Nothing outside the range below should be printed. Output exactly the lines from the line with "(simp add: inj_image_eq_iff)" to the line with "then show ?thesis by (auto", both included.

------ Raw data ------

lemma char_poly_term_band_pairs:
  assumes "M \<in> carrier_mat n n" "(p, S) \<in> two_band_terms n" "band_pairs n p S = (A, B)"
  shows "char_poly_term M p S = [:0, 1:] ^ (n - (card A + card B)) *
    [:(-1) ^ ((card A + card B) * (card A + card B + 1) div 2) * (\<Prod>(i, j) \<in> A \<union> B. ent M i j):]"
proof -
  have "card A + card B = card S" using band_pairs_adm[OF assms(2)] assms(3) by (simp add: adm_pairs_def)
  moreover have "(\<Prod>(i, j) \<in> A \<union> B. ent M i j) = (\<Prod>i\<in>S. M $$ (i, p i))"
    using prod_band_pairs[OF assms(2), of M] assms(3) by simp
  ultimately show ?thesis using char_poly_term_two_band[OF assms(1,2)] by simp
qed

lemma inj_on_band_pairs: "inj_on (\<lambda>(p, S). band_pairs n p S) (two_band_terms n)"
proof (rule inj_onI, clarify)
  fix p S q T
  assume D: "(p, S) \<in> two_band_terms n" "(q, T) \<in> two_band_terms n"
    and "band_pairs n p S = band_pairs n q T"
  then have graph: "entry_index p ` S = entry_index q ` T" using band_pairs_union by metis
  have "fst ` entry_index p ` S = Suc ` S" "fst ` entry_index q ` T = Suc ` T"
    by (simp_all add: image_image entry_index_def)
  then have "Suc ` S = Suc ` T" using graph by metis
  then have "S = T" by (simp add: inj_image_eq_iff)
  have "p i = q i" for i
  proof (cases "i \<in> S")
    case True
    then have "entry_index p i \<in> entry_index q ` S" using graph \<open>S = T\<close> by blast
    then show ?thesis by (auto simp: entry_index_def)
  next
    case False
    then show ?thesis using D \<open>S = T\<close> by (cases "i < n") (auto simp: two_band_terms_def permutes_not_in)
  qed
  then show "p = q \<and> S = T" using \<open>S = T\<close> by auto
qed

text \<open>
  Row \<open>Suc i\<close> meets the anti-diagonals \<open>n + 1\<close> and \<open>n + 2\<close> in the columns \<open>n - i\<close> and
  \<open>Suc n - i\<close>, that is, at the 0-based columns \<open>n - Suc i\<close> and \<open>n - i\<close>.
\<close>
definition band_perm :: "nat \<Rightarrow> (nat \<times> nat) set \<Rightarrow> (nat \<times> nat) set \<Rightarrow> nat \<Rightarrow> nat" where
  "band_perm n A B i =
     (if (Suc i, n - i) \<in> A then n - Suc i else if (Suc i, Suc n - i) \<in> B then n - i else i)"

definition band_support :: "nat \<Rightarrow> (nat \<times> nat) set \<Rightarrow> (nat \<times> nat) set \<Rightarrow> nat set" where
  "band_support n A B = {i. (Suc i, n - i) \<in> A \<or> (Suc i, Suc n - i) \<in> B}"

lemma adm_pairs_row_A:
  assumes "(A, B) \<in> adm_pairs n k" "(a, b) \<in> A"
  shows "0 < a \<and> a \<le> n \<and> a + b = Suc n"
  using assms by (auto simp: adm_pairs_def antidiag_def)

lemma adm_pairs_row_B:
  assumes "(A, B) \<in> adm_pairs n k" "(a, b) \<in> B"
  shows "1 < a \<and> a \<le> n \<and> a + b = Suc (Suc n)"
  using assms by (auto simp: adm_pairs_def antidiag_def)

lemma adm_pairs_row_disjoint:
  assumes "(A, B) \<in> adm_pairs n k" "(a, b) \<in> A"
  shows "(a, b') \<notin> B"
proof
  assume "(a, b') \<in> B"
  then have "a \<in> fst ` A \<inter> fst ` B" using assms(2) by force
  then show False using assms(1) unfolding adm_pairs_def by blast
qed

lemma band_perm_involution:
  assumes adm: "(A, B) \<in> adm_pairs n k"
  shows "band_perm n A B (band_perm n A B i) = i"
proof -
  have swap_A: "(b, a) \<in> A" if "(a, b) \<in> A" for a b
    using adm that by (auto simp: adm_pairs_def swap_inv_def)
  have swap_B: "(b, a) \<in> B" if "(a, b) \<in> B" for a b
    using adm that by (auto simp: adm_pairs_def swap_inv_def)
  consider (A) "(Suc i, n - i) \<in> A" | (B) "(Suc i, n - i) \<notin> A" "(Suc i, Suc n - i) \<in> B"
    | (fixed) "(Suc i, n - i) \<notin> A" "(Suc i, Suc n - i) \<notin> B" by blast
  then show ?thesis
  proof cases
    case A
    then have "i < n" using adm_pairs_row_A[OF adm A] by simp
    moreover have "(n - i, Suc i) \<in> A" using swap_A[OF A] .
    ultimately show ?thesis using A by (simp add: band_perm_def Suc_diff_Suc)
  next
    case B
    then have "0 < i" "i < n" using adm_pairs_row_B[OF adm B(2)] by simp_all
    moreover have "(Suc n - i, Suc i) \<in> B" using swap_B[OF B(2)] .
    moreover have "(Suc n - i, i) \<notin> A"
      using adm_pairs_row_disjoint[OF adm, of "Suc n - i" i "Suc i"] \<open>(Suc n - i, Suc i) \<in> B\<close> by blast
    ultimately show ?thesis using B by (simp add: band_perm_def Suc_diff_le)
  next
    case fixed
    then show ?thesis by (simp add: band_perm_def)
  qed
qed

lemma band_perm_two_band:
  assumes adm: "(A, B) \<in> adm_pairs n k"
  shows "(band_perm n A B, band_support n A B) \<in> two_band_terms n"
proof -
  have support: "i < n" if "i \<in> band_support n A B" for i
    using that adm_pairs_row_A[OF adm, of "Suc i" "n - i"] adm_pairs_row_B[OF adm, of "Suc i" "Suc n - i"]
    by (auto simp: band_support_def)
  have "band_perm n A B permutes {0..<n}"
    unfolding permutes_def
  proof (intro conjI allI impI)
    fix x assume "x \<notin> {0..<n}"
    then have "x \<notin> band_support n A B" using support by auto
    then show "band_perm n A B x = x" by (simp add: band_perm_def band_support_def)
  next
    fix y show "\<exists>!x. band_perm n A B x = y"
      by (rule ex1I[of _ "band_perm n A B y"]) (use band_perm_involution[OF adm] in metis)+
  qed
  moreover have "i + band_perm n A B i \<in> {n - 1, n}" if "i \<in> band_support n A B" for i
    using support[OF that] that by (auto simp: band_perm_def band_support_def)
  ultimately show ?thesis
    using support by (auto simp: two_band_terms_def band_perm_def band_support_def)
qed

------

**Result of this task**
  then have "S = T" by (simp add: inj_image_eq_iff)
  have "p i = q i" for i
  proof (cases "i \<in> S")
    case True
    then have "entry_index p i \<in> entry_index q ` S" using graph \<open>S = T\<close> by blast
    then show ?thesis by (auto simp: entry_index_def)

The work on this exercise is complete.